## [TASK INSTRUCTIONS]
Output the whole listing again, exactly as it reads.

## [EXERCISE INPUTS]
========

lemma Pf_balanced_scheme:
  "Pf (surplus_mass 3 hard_val hard_prior {0, 1, 2} balanced_signals balanced_weights) (11/41) = 8/41"
proof -
  have "cs_scheme 3 hard_val hard_prior {0, 1, 2} balanced_signals balanced_weights 2 = 4/5"
    "cs_scheme 3 hard_val hard_prior {0, 1, 2} balanced_signals balanced_weights 3 = 16/15"
    unfolding cs_scheme_def balanced_signals_def balanced_weights_def
    by (simp_all add: cs_def price_hard_signals)
  then show ?thesis
    unfolding hard_surplus_mass[OF balanced_scheme] by (simp add: Pf_hard_pieces)
qed

lemma Pf_max_surplus_scheme:
  "Pf (surplus_mass 3 hard_val hard_prior {0, 1, 2} max_surplus_signals max_surplus_weights) 1 = 120/41"
proof -
  have "cs_scheme 3 hard_val hard_prior {0, 1, 2} max_surplus_signals max_surplus_weights 2 = 0"
    "cs_scheme 3 hard_val hard_prior {0, 1, 2} max_surplus_signals max_surplus_weights 3 = 4"
    unfolding cs_scheme_def max_surplus_signals_def max_surplus_weights_def
    by (simp_all add: cs_def price_hard_signals)
  then show ?thesis
    unfolding hard_surplus_mass[OF max_surplus_scheme] by (simp add: Pf_hard_pieces)
qed

lemma hard_majorized_imp_ge:
  assumes scheme: "is_scheme 3 hard_prior Q S \<gamma>"
    and majorized: "alpha_majorized \<alpha> 3 hard_val hard_prior Q S \<gamma>"
  shows "3/2 \<le> \<alpha>"
proof -
  define c\<^sub>2 where "c\<^sub>2 = cs_scheme 3 hard_val hard_prior Q S \<gamma> 2"
  define c\<^sub>3 where "c\<^sub>3 = cs_scheme 3 hard_val hard_prior Q S \<gamma> 3"
  have "0 \<le> c\<^sub>2" "0 \<le> c\<^sub>3"
    unfolding c\<^sub>2_def c\<^sub>3_def using cs_scheme_nonneg[OF scheme] by simp_all
  have "surplus_mass 3 hard_val hard_prior Q S \<gamma> = [(1/41, 0), (10/41, c\<^sub>2), (30/41, c\<^sub>3)]"
    unfolding c\<^sub>2_def c\<^sub>3_def by (rule hard_surplus_mass[OF scheme])
  note Pf_Z = Pf_hard_pieces[OF \<open>0 \<le> c\<^sub>2\<close> \<open>0 \<le> c\<^sub>3\<close>, folded this]
  have budget: "160 * c\<^sub>2 + 30 * c\<^sub>3 \<le> 160"
    unfolding c\<^sub>2_def c\<^sub>3_def by (rule hard_scheme_surplus_le[OF scheme])
  have dominates: "Pf (surplus_mass 3 hard_val hard_prior Q' S' \<gamma>') m
      \<le> \<alpha> * Pf (surplus_mass 3 hard_val hard_prior Q S \<gamma>) m"
    if "is_scheme 3 hard_prior Q' S' \<gamma>'" "0 < m" "m \<le> 1" for Q' S' \<gamma>' m
    using majorized that unfolding alpha_majorized_def by blast
  have prefix: "8/41 \<le> \<alpha> * (10/41 * min c\<^sub>2 c\<^sub>3)"
    using dominates[OF balanced_scheme, of "11/41"] unfolding Pf_balanced_scheme Pf_Z(1) by simp
  have total: "120/41 \<le> \<alpha> * (10/41 * c\<^sub>2 + 30/41 * c\<^sub>3)"
    using dominates[OF max_surplus_scheme, of 1] unfolding Pf_max_surplus_scheme Pf_Z(2) by simp
  have "0 \<le> \<alpha>"
  proof (rule ccontr)
    assume "\<not> 0 \<le> \<alpha>"
    then have "\<alpha> * (10/41 * min c\<^sub>2 c\<^sub>3) \<le> 0"
      using \<open>0 \<le> c\<^sub>2\<close> \<open>0 \<le> c\<^sub>3\<close> by (intro mult_nonpos_nonneg) auto
    with prefix show False by simp
  qed
  then have "8/41 \<le> 10/41 * (\<alpha> * c\<^sub>2)"
    using prefix mult_left_mono[OF min.cobounded1, of \<alpha> c\<^sub>2 c\<^sub>3] by simp
  moreover have "160 * (\<alpha> * c\<^sub>2) + 30 * (\<alpha> * c\<^sub>3) \<le> 160 * \<alpha>"
    using mult_left_mono[OF budget \<open>0 \<le> \<alpha>\<close>] by (simp add: algebra_simps)
  ultimately show ?thesis
    using total by (simp add: algebra_simps)
qed

theorem theorem4:
  fixes \<alpha> :: real
  assumes "\<alpha> < 1.5"
  shows "\<exists>(n::nat) (v::nat \<Rightarrow> real) (f::nat \<Rightarrow> real).
           0 < v 1 \<and> (\<forall>i\<in>{1..n}. \<forall>j\<in>{1..n}. i < j \<longrightarrow> v i < v j) \<and>
           is_dist n f \<and> (\<forall>i\<in>{1..n}. 0 < f i) \<and>
           \<not> (\<exists>Q S \<gamma>. is_scheme n f Q S \<gamma> \<and> alpha_majorized \<alpha> n v f Q S \<gamma>)"
proof -
  have "0 < hard_val 1" "\<forall>i\<in>{1..3}. \<forall>j\<in>{1..3}. i < j \<longrightarrow> hard_val i < hard_val j"
    unfolding atLeastAtMost_1_3 by auto
  moreover have "is_dist 3 hard_prior" "\<forall>i\<in>{1..3}. 0 < hard_prior i"
    unfolding is_dist_triple atLeastAtMost_1_3 by auto
  moreover have "\<not> (\<exists>Q S \<gamma>. is_scheme 3 hard_prior Q S \<gamma> \<and>
      alpha_majorized \<alpha> 3 hard_val hard_prior Q S \<gamma>)"
    using hard_majorized_imp_ge assms by fastforce
  ultimately show ?thesis by blast
qed

end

========

## [ANSWER FOR THE TASK]
lemma Pf_balanced_scheme:
  "Pf (surplus_mass 3 hard_val hard_prior {0, 1, 2} balanced_signals balanced_weights) (11/41) = 8/41"
proof -
  have "cs_scheme 3 hard_val hard_prior {0, 1, 2} balanced_signals balanced_weights 2 = 4/5"
    "cs_scheme 3 hard_val hard_prior {0, 1, 2} balanced_signals balanced_weights 3 = 16/15"
    unfolding cs_scheme_def balanced_signals_def balanced_weights_def
    by (simp_all add: cs_def price_hard_signals)
  then show ?thesis
    unfolding hard_surplus_mass[OF balanced_scheme] by (simp add: Pf_hard_pieces)
qed

lemma Pf_max_surplus_scheme:
  "Pf (surplus_mass 3 hard_val hard_prior {0, 1, 2} max_surplus_signals max_surplus_weights) 1 = 120/41"
proof -
  have "cs_scheme 3 hard_val hard_prior {0, 1, 2} max_surplus_signals max_surplus_weights 2 = 0"
    "cs_scheme 3 hard_val hard_prior {0, 1, 2} max_surplus_signals max_surplus_weights 3 = 4"
    unfolding cs_scheme_def max_surplus_signals_def max_surplus_weights_def
    by (simp_all add: cs_def price_hard_signals)
  then show ?thesis
    unfolding hard_surplus_mass[OF max_surplus_scheme] by (simp add: Pf_hard_pieces)
qed

lemma hard_majorized_imp_ge:
  assumes scheme: "is_scheme 3 hard_prior Q S \<gamma>"
    and majorized: "alpha_majorized \<alpha> 3 hard_val hard_prior Q S \<gamma>"
  shows "3/2 \<le> \<alpha>"
proof -
  define c\<^sub>2 where "c\<^sub>2 = cs_scheme 3 hard_val hard_prior Q S \<gamma> 2"
  define c\<^sub>3 where "c\<^sub>3 = cs_scheme 3 hard_val hard_prior Q S \<gamma> 3"
  have "0 \<le> c\<^sub>2" "0 \<le> c\<^sub>3"
    unfolding c\<^sub>2_def c\<^sub>3_def using cs_scheme_nonneg[OF scheme] by simp_all
  have "surplus_mass 3 hard_val hard_prior Q S \<gamma> = [(1/41, 0), (10/41, c\<^sub>2), (30/41, c\<^sub>3)]"
    unfolding c\<^sub>2_def c\<^sub>3_def by (rule hard_surplus_mass[OF scheme])
  note Pf_Z = Pf_hard_pieces[OF \<open>0 \<le> c\<^sub>2\<close> \<open>0 \<le> c\<^sub>3\<close>, folded this]
  have budget: "160 * c\<^sub>2 + 30 * c\<^sub>3 \<le> 160"
    unfolding c\<^sub>2_def c\<^sub>3_def by (rule hard_scheme_surplus_le[OF scheme])
  have dominates: "Pf (surplus_mass 3 hard_val hard_prior Q' S' \<gamma>') m
      \<le> \<alpha> * Pf (surplus_mass 3 hard_val hard_prior Q S \<gamma>) m"
    if "is_scheme 3 hard_prior Q' S' \<gamma>'" "0 < m" "m \<le> 1" for Q' S' \<gamma>' m
    using majorized that unfolding alpha_majorized_def by blast
  have prefix: "8/41 \<le> \<alpha> * (10/41 * min c\<^sub>2 c\<^sub>3)"
    using dominates[OF balanced_scheme, of "11/41"] unfolding Pf_balanced_scheme Pf_Z(1) by simp
  have total: "120/41 \<le> \<alpha> * (10/41 * c\<^sub>2 + 30/41 * c\<^sub>3)"
    using dominates[OF max_surplus_scheme, of 1] unfolding Pf_max_surplus_scheme Pf_Z(2) by simp
  have "0 \<le> \<alpha>"
  proof (rule ccontr)
    assume "\<not> 0 \<le> \<alpha>"
    then have "\<alpha> * (10/41 * min c\<^sub>2 c\<^sub>3) \<le> 0"
      using \<open>0 \<le> c\<^sub>2\<close> \<open>0 \<le> c\<^sub>3\<close> by (intro mult_nonpos_nonneg) auto
    with prefix show False by simp
  qed
  then have "8/41 \<le> 10/41 * (\<alpha> * c\<^sub>2)"
    using prefix mult_left_mono[OF min.cobounded1, of \<alpha> c\<^sub>2 c\<^sub>3] by simp
  moreover have "160 * (\<alpha> * c\<^sub>2) + 30 * (\<alpha> * c\<^sub>3) \<le> 160 * \<alpha>"
    using mult_left_mono[OF budget \<open>0 \<le> \<alpha>\<close>] by (simp add: algebra_simps)
  ultimately show ?thesis
    using total by (simp add: algebra_simps)
qed

theorem theorem4:
  fixes \<alpha> :: real
  assumes "\<alpha> < 1.5"
  shows "\<exists>(n::nat) (v::nat \<Rightarrow> real) (f::nat \<Rightarrow> real).
           0 < v 1 \<and> (\<forall>i\<in>{1..n}. \<forall>j\<in>{1..n}. i < j \<longrightarrow> v i < v j) \<and>
           is_dist n f \<and> (\<forall>i\<in>{1..n}. 0 < f i) \<and>
           \<not> (\<exists>Q S \<gamma>. is_scheme n f Q S \<gamma> \<and> alpha_majorized \<alpha> n v f Q S \<gamma>)"
proof -
  have "0 < hard_val 1" "\<forall>i\<in>{1..3}. \<forall>j\<in>{1..3}. i < j \<longrightarrow> hard_val i < hard_val j"
    unfolding atLeastAtMost_1_3 by auto
  moreover have "is_dist 3 hard_prior" "\<forall>i\<in>{1..3}. 0 < hard_prior i"
    unfolding is_dist_triple atLeastAtMost_1_3 by auto
  moreover have "\<not> (\<exists>Q S \<gamma>. is_scheme 3 hard_prior Q S \<gamma> \<and>
      alpha_majorized \<alpha> 3 hard_val hard_prior Q S \<gamma>)"
    using hard_majorized_imp_ge assms by fastforce
  ultimately show ?thesis by blast
qed

end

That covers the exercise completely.